The strategy of targeting only non-resectable residual tumour with adjuvant treatment is gaining wider acceptance, alongside an increasing emphasis on achieving gross total or even supramaximal resection whenever feasible [20]. Notably, long-term outcome data from the Montpellier group compellingly demonstrate that long-term survival is possible after supramaximal resection without adjuvant treatment [21]. In our cohort, which reflects a broad and representative sample of the German neuro-oncological landscape, age does not appear to be applied as an absolute criterion in clinical decision-making. This is despite recommendations in both European and national guidelines that suggest age should be a key consideration. For more than two decades, patient age and astrocytoma histology have been regarded as key factors in the risk stratification of LGG [2]. Clinical trials have consistently incorporated age, in particular, as a defining criterion for high-risk LGG [22, 23]. This is despite the fact that the cut-off point of ≥ 40 raised by Pignatti et al. was based on the median age of their cohort. Furthermore, the choice of chemotherapy has been shown to influence survival outcomes, particularly in 1p/19q-codeleted grade 3 tumours, as demonstrated in a recent French national cohort study [24]. However, more recent evidence challenges the role of age and histology grade in patients with astrocytoma as independent prognostic variables, raising questions about the true clinical significance of these factors [25]. This ongoing debate may explain why, in the absence of residual tumour in grade 2 lesions, decisions regarding adjuvant therapy versus observation are often driven more by neuro-oncologists’ attitudes or patients’ preferences than by robust prognostic markers. Whether this results in overtreatment or undertreatment remains uncertain and individualised, case-by-case management therefore continues to dominate current practice across many institutions.
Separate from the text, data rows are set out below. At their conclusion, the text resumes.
(* For every topology $\mathcal{T}$ on $[n]$, $$\mathcal{P}_s(\mathcal{T})=\bigsqcup_{f\in\mathcal{L}(\mathcal{T})}\{g\mid g\leq f\}=\bigsqcup_{f\in\mathcal{L}(\mathcal{T})}\mathcal{P}_s(\mathcal{T}_f),$$ the unions being disjoint.
   Context: $[n]=\{1,\ldots,n\}$. For a topology $\mathcal{T}$ on $[n]$: $i\leq_{\mathcal{T}}j$ iff every open set containing $i$ contains $j$; $i\sim_{\mathcal{T}}j$ iff $i\leq_{\mathcal{T}}j$ and $j\leq_{\mathcal{T}}i$; $i<_{\mathcal{T}}j$ iff $i\leq_{\mathcal{T}}j$ and not $j\leq_{\mathcal{T}}i$. A packed word of length $n$ is a word $f=f(1)\ldots f(n)$ of positive integers with $\{f(1),\ldots,f(n)\}=\{1,\ldots,\max f\}$. A (strict) T-partition of $\mathcal{T}$ is a packed word $g$ of length $n$ such that: $i\leq_{\mathcal{T}}j\Rightarrow g(i)\leq g(j)$; $i<_{\mathcal{T}}j$ and $i>j\Rightarrow g(i)<g(j)$; if $i<j<k$, $i\sim_{\mathcal{T}}k$ and $g(i)=g(j)=g(k)$ then $i\sim_{\mathcal{T}}j$ and $j\sim_{\mathcal{T}}k$; $\mathcal{P}_s(\mathcal{T})$ is their set. A linear extension of $\mathcal{T}$ is a packed word $f$ of length $n$ with $f(i)=f(j)\Leftrightarrow i\sim_{\mathcal{T}}j$ and $i<_{\mathcal{T}}j\Rightarrow f(i)<f(j)$; $\mathcal{L}(\mathcal{T})$ is their set. For packed words $f,g$ of length $n$, $g\leq f$ means: for all $i,j$, $f(i)\leq f(j)\Rightarrow g(i)\leq g(j)$; $f(i)>f(j)$ and $i<j\Rightarrow g(i)>g(j)$; $f(i)=f(j)\Rightarrow g(i)=g(j)$ (the $g$ in the middle union range over packed words of length $n$). For a packed word $f$, $\mathcal{T}_f$ is the topology on $[n]$ with preorder $i\leq j$ iff $f(i)\leq f(j)$. *)

theory Defs
  imports "HOL-Analysis.Abstract_Topology" "HOL-Library.Disjoint_Sets"
begin

text \<open>Words of length n are functions nat => nat; only the values on {1..n} matter,
  and we normalise them to be 0 outside {1..n} so that sets of words are well defined.\<close>

definition packed :: "nat \<Rightarrow> (nat \<Rightarrow> nat) \<Rightarrow> bool" where
  "packed n f \<longleftrightarrow> (\<forall>i. i \<notin> {1..n} \<longrightarrow> f i = 0) \<and> (\<exists>m. f ` {1..n} = {1..m})"

definition leT :: "nat topology \<Rightarrow> nat \<Rightarrow> nat \<Rightarrow> bool" where
  "leT T i j \<longleftrightarrow> (\<forall>U. openin T U \<longrightarrow> i \<in> U \<longrightarrow> j \<in> U)"

definition simT :: "nat topology \<Rightarrow> nat \<Rightarrow> nat \<Rightarrow> bool" where
  "simT T i j \<longleftrightarrow> leT T i j \<and> leT T j i"

definition ltT :: "nat topology \<Rightarrow> nat \<Rightarrow> nat \<Rightarrow> bool" where
  "ltT T i j \<longleftrightarrow> leT T i j \<and> \<not> leT T j i"

definition Tpartitions :: "nat \<Rightarrow> nat topology \<Rightarrow> (nat \<Rightarrow> nat) set" where
  "Tpartitions n T = {g. packed n g
     \<and> (\<forall>i\<in>{1..n}. \<forall>j\<in>{1..n}. leT T i j \<longrightarrow> g i \<le> g j)
     \<and> (\<forall>i\<in>{1..n}. \<forall>j\<in>{1..n}. ltT T i j \<and> i > j \<longrightarrow> g i < g j)
     \<and> (\<forall>i\<in>{1..n}. \<forall>j\<in>{1..n}. \<forall>k\<in>{1..n}.
          i < j \<and> j < k \<and> simT T i k \<and> g i = g j \<and> g j = g k
          \<longrightarrow> simT T i j \<and> simT T j k)}"

definition linext :: "nat \<Rightarrow> nat topology \<Rightarrow> (nat \<Rightarrow> nat) set" where
  "linext n T = {f. packed n f
     \<and> (\<forall>i\<in>{1..n}. \<forall>j\<in>{1..n}. f i = f j \<longleftrightarrow> simT T i j)
     \<and> (\<forall>i\<in>{1..n}. \<forall>j\<in>{1..n}. ltT T i j \<longrightarrow> f i < f j)}"

definition word_le :: "nat \<Rightarrow> (nat \<Rightarrow> nat) \<Rightarrow> (nat \<Rightarrow> nat) \<Rightarrow> bool" where
  "word_le n g f \<longleftrightarrow> (\<forall>i\<in>{1..n}. \<forall>j\<in>{1..n}.
       (f i \<le> f j \<longrightarrow> g i \<le> g j)
     \<and> (f i > f j \<and> i < j \<longrightarrow> g i > g j)
     \<and> (f i = f j \<longrightarrow> g i = g j))"

definition topology_of_word :: "nat \<Rightarrow> (nat \<Rightarrow> nat) \<Rightarrow> nat topology" where
  "topology_of_word n f = topology (\<lambda>U. U \<subseteq> {1..n}
      \<and> (\<forall>i\<in>U. \<forall>j\<in>{1..n}. f i \<le> f j \<longrightarrow> j \<in> U))"

end

theory Submission
  imports Defs "HOL-Library.Product_Lexorder"
begin

(*
  Every T-partition g lies below exactly one linear extension of T.  Sorting the points by g and
  breaking ties by the least element of the \<sim>T-class yields a linear extension above g; two
  distinct linear extensions above g would order some pair i, j oppositely, forcing g i = g j
  from the weak conditions and g i \<noteq> g j from the strict condition on the inverted pair.
  Conversely, a packed word below a linear extension inherits the T-partition conditions from it.
  Since f is the unique linear extension of T_f, the first decomposition applied to T_f
  identifies {g. g \<le> f} with the T_f-partitions.
*)

lemma leT_refl: "leT T i i"
  by (simp add: leT_def)

lemma leT_trans: "leT T i j \<Longrightarrow> leT T j k \<Longrightarrow> leT T i k"
  by (simp add: leT_def)

lemma simT_refl: "simT T i i"
  by (simp add: simT_def leT_refl)

lemma simT_sym: "simT T i j \<Longrightarrow> simT T j i"
  by (simp add: simT_def)

lemma simT_trans: "simT T i j \<Longrightarrow> simT T j k \<Longrightarrow> simT T i k"
  by (meson leT_trans simT_def)

lemma leT_topology_of_word:
  assumes "i \<in> {1..n}" "j \<in> {1..n}"
  shows "leT (topology_of_word n f) i j \<longleftrightarrow> f i \<le> f j"
proof -
  define up where "up U \<longleftrightarrow> U \<subseteq> {1..n} \<and> (\<forall>i\<in>U. \<forall>j\<in>{1..n}. f i \<le> f j \<longrightarrow> j \<in> U)"
    for U
  have "istopology up"
    unfolding istopology_def up_def by blast
  then have open_eq: "openin (topology_of_word n f) = up"
    unfolding topology_of_word_def up_def [abs_def] by simp
  show ?thesis
  proof
    assume "leT (topology_of_word n f) i j"
    moreover have "up {k \<in> {1..n}. f i \<le> f k}"
      unfolding up_def by auto
    ultimately show "f i \<le> f j"
      using assms unfolding leT_def open_eq by auto
  next
    assume "f i \<le> f j"
    then show "leT (topology_of_word n f) i j"
      using assms unfolding leT_def open_eq up_def by auto
  qed
qed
Despite the known risk factors for early tumour progression, recommendations for adjuvant therapy remain controversial. In a recent Australian multicentre registry analysis, Gately et al. showed a lower treatment rate than in our study [19]. In particular, patients were less likely to receive sequential radiotherapy and chemotherapy, although the proportion of high-risk patients was higher. One reason for the cautious and restrained use of adjuvant therapy is the equivocal knowledge about the long-term cognitive effects of radiotherapy and chemotherapy in patients with diffuse glioma [26–28]. The proportion of patients receiving sequential chemoradiotherapy in this study was comparable to other European population-based cohorts, but still not all high-risk patients received adjuvant treatment [29]. The potential long-term toxicity of adjuvant treatment, including neurocognitive decline, endocrine dysfunction, and secondary malignancies, is a major concern, especially in younger patients with extended survival horizons [30, 31]. The current evidence base remains insufficient to definitively guide critical decisions such as deferring radiotherapy or opting for chemotherapy alone in specific clinical scenarios. This variability underscores a central dilemma in the counselling and management of patients with lower-grade gliomas, particularly younger individuals with IDH-mutant tumours.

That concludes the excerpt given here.